If a line in the listing below has the string "shows", copy it out.
[Opening STUDY MATERIAL section]
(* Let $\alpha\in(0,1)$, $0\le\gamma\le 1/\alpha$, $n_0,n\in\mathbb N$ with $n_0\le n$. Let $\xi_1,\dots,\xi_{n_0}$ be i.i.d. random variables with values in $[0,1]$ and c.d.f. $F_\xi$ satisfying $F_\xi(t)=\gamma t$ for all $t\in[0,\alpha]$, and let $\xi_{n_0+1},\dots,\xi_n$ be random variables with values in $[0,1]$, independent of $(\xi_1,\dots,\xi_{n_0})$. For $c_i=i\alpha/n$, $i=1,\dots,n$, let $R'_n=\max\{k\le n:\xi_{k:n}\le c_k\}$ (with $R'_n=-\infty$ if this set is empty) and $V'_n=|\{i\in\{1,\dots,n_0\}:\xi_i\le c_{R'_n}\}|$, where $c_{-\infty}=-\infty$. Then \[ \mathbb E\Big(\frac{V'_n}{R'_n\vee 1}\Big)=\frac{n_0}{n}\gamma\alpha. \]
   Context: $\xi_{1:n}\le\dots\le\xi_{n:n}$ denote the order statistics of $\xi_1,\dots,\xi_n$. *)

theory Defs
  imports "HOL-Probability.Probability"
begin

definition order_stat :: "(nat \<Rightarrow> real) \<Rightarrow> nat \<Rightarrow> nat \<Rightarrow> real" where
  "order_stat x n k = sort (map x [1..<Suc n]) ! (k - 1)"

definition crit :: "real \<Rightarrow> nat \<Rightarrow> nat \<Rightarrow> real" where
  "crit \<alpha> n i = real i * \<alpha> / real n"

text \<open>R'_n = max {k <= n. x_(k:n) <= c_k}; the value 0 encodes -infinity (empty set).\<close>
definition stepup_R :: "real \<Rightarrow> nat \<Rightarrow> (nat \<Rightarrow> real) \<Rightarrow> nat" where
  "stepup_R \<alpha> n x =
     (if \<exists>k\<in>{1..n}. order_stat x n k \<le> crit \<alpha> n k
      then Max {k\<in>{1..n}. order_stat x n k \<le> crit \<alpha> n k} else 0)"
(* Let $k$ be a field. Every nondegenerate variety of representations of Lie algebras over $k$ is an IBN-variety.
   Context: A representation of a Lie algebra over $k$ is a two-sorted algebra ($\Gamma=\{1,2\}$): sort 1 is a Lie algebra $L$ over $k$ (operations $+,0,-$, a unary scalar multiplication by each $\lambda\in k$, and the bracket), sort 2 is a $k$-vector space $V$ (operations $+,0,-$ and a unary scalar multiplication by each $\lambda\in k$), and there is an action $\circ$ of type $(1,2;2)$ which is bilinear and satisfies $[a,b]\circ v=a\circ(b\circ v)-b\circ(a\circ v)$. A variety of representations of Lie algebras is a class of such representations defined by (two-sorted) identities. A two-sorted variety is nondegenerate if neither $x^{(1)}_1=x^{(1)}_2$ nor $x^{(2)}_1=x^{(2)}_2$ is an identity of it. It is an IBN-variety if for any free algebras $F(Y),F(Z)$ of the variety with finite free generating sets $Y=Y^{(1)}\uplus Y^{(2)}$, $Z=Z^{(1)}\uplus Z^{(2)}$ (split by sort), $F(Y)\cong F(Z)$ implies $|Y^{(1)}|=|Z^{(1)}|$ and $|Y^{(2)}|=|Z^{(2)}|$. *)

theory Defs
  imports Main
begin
[Closing STUDY MATERIAL section]
[Opening STUDY MATERIAL section]
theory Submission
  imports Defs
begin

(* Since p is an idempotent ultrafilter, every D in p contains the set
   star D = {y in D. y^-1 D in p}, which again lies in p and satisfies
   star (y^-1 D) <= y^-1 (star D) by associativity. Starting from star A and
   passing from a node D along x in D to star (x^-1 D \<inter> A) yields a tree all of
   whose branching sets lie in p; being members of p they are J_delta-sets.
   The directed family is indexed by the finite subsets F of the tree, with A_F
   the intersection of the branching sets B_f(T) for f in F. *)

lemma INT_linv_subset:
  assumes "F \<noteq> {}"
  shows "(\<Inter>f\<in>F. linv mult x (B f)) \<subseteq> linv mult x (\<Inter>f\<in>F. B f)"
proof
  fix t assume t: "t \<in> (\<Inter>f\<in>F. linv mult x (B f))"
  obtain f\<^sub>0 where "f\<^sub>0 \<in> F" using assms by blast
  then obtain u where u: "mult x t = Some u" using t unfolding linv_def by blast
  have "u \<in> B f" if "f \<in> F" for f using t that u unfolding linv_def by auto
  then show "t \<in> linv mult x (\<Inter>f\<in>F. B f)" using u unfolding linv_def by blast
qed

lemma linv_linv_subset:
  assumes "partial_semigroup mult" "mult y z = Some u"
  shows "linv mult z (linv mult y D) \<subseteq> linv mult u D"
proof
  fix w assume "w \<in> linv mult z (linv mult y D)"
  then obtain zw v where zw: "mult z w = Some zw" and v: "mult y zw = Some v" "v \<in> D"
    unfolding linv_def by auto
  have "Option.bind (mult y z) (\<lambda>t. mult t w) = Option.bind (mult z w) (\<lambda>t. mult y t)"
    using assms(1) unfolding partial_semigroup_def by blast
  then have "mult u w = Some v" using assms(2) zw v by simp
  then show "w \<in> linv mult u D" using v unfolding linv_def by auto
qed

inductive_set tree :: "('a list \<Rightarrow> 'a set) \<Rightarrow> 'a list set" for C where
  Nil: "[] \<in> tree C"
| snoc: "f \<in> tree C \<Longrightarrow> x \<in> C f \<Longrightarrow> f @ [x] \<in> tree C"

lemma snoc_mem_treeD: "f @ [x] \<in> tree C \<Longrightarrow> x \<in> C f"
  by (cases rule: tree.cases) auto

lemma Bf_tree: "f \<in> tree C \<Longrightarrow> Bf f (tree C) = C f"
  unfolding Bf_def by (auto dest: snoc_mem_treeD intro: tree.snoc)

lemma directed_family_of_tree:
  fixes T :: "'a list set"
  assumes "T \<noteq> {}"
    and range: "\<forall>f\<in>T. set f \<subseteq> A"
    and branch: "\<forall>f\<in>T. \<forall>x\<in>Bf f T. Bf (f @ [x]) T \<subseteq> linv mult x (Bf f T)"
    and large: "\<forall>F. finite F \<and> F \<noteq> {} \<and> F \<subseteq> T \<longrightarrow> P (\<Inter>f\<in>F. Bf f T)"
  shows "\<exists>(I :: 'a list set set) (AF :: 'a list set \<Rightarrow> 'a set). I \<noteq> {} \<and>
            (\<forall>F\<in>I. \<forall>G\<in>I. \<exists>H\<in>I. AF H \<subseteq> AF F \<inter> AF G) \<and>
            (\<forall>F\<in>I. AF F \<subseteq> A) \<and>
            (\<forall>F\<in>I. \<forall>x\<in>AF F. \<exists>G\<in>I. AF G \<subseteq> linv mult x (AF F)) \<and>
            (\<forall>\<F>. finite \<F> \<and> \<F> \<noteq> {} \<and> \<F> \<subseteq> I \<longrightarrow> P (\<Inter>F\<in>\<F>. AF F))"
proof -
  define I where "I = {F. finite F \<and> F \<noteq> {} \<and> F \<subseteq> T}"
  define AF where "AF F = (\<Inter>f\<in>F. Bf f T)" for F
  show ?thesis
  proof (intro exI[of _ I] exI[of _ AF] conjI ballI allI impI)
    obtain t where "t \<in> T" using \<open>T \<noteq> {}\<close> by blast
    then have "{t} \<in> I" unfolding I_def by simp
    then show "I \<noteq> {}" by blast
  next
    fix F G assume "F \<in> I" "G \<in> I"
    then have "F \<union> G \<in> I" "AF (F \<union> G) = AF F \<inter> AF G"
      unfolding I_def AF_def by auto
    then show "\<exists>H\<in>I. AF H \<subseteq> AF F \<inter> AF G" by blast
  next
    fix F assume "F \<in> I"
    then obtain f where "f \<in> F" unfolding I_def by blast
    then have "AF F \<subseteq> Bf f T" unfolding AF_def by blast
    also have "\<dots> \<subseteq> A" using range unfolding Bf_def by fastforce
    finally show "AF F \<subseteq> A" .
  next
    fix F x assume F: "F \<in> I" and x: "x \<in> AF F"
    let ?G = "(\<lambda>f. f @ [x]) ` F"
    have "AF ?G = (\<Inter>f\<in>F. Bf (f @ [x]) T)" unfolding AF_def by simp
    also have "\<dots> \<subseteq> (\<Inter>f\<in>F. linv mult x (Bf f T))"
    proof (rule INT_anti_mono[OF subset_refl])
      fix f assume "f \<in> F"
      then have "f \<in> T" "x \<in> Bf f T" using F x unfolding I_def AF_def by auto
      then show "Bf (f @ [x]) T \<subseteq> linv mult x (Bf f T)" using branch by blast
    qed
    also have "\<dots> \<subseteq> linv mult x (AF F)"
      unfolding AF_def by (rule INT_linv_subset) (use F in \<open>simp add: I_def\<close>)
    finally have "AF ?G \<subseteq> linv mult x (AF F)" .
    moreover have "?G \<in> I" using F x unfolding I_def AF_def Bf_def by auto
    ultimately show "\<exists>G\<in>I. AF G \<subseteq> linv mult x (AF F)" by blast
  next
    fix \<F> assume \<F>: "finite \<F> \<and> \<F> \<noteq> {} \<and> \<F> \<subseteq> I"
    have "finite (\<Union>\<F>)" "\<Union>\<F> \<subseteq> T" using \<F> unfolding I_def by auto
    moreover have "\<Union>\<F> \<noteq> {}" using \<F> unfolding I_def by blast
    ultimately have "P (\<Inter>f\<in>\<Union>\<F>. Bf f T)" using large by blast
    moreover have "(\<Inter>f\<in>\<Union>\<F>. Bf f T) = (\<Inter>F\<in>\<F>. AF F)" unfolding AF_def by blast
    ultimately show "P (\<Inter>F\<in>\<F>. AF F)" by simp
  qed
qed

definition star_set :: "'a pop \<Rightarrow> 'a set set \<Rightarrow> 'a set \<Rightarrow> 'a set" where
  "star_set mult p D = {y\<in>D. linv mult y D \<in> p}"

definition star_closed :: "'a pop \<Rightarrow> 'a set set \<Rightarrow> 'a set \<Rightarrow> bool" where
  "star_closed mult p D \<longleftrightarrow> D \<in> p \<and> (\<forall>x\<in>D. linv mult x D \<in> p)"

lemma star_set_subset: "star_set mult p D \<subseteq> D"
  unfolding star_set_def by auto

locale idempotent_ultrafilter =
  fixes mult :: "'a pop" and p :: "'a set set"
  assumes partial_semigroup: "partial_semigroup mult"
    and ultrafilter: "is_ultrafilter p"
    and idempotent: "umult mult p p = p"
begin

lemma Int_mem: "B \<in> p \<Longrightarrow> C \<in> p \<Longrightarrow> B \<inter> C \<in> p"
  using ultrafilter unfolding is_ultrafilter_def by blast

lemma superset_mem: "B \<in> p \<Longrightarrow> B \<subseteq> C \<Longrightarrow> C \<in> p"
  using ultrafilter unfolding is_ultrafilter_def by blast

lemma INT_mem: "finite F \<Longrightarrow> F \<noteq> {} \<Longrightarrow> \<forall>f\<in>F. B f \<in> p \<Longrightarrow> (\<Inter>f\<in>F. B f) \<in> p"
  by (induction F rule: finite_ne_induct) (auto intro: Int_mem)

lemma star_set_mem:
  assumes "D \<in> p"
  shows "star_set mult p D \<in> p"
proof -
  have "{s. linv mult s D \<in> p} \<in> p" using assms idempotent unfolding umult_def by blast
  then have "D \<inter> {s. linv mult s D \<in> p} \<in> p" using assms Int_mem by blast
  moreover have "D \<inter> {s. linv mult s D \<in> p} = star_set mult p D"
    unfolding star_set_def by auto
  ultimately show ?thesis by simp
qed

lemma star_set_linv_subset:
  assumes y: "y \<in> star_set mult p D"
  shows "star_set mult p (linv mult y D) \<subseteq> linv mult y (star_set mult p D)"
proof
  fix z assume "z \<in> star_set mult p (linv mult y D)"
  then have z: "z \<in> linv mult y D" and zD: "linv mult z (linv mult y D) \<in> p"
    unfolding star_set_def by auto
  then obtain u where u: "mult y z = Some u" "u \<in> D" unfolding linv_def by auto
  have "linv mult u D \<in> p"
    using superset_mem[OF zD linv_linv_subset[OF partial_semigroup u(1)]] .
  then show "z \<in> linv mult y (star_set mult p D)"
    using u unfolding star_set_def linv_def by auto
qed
[Closing STUDY MATERIAL section]
[Opening STUDY MATERIAL section]
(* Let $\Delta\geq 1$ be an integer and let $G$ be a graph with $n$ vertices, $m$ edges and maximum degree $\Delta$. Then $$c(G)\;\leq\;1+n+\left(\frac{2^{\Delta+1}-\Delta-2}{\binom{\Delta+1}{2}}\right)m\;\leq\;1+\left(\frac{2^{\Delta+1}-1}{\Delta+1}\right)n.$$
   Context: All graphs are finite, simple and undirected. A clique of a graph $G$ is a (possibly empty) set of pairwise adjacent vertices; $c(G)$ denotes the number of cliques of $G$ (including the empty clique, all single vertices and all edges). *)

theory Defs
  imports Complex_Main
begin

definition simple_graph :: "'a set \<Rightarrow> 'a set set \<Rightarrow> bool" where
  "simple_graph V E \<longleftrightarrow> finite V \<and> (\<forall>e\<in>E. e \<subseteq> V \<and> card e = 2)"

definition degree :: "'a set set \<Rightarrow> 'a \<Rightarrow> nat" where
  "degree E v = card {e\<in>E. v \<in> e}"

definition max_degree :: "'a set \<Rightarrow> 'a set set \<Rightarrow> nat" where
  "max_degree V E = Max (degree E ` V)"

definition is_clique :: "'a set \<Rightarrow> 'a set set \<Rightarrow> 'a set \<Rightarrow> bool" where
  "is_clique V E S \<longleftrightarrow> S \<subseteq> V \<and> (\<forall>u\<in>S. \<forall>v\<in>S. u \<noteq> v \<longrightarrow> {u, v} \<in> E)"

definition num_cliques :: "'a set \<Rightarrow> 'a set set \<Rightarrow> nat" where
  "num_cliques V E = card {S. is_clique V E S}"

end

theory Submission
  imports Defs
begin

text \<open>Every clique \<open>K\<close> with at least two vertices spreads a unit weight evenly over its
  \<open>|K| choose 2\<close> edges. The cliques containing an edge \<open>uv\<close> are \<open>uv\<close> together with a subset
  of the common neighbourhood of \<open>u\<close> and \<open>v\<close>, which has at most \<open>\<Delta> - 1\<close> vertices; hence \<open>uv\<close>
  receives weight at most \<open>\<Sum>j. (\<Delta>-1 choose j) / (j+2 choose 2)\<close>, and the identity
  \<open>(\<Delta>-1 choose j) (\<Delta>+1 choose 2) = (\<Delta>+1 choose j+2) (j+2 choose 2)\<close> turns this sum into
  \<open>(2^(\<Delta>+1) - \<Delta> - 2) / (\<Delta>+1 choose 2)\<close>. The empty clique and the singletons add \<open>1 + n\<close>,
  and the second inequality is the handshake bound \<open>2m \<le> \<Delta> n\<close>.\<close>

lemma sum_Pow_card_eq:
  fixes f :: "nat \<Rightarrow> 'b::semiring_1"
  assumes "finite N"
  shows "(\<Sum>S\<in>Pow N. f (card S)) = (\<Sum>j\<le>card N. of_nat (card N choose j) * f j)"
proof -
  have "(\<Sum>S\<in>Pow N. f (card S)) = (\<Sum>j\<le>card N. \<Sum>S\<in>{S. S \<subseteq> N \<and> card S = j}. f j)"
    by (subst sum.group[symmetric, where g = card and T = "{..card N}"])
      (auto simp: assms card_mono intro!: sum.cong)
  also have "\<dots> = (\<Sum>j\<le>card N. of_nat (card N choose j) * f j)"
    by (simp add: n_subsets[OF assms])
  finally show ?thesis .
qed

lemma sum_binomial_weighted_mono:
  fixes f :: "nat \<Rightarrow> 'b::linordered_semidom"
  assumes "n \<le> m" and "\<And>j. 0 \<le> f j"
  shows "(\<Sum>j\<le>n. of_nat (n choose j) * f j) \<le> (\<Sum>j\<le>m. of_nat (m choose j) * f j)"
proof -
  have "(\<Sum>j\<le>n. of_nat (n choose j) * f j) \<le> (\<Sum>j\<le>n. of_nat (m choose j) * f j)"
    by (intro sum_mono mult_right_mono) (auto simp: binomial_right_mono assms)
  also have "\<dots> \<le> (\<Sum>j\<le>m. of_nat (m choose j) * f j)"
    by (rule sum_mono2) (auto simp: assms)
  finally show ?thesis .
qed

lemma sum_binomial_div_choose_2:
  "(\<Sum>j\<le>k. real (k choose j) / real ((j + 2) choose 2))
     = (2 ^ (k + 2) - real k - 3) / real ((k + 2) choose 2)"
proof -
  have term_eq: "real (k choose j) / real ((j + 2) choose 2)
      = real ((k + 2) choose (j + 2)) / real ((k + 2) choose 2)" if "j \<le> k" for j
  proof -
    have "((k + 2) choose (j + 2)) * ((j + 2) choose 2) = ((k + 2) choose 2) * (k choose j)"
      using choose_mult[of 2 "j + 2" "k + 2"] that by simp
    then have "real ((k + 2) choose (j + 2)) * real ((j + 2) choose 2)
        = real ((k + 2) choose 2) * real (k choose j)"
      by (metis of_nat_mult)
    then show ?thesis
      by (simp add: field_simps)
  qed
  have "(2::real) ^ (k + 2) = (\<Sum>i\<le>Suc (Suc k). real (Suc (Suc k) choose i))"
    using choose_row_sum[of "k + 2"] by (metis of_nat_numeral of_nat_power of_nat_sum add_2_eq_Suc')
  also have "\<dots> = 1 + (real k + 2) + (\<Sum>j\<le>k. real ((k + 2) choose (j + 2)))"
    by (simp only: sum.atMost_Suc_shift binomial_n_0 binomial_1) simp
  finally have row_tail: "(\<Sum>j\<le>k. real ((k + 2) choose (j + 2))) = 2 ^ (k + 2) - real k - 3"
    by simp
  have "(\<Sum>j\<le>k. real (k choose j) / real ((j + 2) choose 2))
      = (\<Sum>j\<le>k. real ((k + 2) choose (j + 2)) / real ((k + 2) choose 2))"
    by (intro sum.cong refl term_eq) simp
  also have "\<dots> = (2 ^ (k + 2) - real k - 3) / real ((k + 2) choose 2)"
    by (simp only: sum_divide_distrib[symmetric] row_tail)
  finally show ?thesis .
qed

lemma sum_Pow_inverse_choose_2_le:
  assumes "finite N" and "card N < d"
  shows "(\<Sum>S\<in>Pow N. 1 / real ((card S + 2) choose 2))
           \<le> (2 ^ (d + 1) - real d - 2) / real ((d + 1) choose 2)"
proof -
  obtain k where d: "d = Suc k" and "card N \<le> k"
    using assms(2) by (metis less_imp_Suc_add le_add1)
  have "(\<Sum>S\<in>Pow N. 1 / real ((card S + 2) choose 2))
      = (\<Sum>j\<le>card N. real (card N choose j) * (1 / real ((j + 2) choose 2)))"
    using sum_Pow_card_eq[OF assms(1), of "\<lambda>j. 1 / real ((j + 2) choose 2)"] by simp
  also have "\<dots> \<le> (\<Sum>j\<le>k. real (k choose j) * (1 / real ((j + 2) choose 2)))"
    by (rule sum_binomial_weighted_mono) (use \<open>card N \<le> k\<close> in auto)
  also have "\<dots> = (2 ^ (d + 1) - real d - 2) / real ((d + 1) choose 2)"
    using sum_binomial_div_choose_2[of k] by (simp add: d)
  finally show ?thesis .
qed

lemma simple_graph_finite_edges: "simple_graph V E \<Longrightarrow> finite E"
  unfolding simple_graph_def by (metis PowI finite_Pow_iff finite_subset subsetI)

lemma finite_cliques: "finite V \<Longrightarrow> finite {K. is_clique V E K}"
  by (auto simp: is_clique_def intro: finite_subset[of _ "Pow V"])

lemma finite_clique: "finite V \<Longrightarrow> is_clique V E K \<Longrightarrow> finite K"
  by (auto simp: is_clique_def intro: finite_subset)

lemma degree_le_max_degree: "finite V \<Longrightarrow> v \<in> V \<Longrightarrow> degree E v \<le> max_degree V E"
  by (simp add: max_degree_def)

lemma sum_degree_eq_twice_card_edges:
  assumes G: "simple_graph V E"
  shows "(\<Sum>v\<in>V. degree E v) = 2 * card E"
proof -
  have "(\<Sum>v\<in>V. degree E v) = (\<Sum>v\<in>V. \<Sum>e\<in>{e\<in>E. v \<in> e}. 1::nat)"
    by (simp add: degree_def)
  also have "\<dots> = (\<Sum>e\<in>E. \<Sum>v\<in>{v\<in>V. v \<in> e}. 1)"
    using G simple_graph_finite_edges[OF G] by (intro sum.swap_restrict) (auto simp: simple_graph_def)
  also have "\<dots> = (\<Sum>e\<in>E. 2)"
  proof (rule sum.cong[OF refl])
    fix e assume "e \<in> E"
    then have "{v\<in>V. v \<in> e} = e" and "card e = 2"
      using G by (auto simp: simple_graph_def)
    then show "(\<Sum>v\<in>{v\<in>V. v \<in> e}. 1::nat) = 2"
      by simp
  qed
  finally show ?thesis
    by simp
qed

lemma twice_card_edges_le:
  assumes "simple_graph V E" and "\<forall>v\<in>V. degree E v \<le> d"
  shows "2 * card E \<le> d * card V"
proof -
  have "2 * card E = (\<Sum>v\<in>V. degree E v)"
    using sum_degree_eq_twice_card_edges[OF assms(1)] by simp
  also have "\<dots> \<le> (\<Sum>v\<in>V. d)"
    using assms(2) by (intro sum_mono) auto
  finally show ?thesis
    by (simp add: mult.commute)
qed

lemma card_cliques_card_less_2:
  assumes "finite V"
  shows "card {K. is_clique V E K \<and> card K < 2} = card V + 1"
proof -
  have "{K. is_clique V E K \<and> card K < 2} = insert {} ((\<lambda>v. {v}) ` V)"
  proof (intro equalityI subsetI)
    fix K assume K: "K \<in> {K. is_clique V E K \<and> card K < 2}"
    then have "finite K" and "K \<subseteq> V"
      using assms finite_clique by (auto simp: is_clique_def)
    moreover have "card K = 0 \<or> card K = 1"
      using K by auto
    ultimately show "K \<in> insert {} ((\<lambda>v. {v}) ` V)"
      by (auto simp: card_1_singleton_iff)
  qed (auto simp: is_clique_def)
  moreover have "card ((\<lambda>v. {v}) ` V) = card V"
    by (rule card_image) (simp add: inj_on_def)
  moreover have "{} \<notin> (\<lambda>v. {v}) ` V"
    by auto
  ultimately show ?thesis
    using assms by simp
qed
[Closing STUDY MATERIAL section]
▶ SOLUTION:
  shows "(\<Inter>f\<in>F. linv mult x (B f)) \<subseteq> linv mult x (\<Inter>f\<in>F. B f)"
  shows "linv mult z (linv mult y D) \<subseteq> linv mult u D"
  shows "\<exists>(I :: 'a list set set) (AF :: 'a list set \<Rightarrow> 'a set). I \<noteq> {} \<and>
  shows "star_set mult p D \<in> p"
  shows "star_set mult p (linv mult y D) \<subseteq> linv mult y (star_set mult p D)"
  shows "(\<Sum>S\<in>Pow N. f (card S)) = (\<Sum>j\<le>card N. of_nat (card N choose j) * f j)"
  shows "(\<Sum>j\<le>n. of_nat (n choose j) * f j) \<le> (\<Sum>j\<le>m. of_nat (m choose j) * f j)"
  shows "(\<Sum>S\<in>Pow N. 1 / real ((card S + 2) choose 2))
  shows "(\<Sum>v\<in>V. degree E v) = 2 * card E"
  shows "2 * card E \<le> d * card V"
  shows "card {K. is_clique V E K \<and> card K < 2} = card V + 1"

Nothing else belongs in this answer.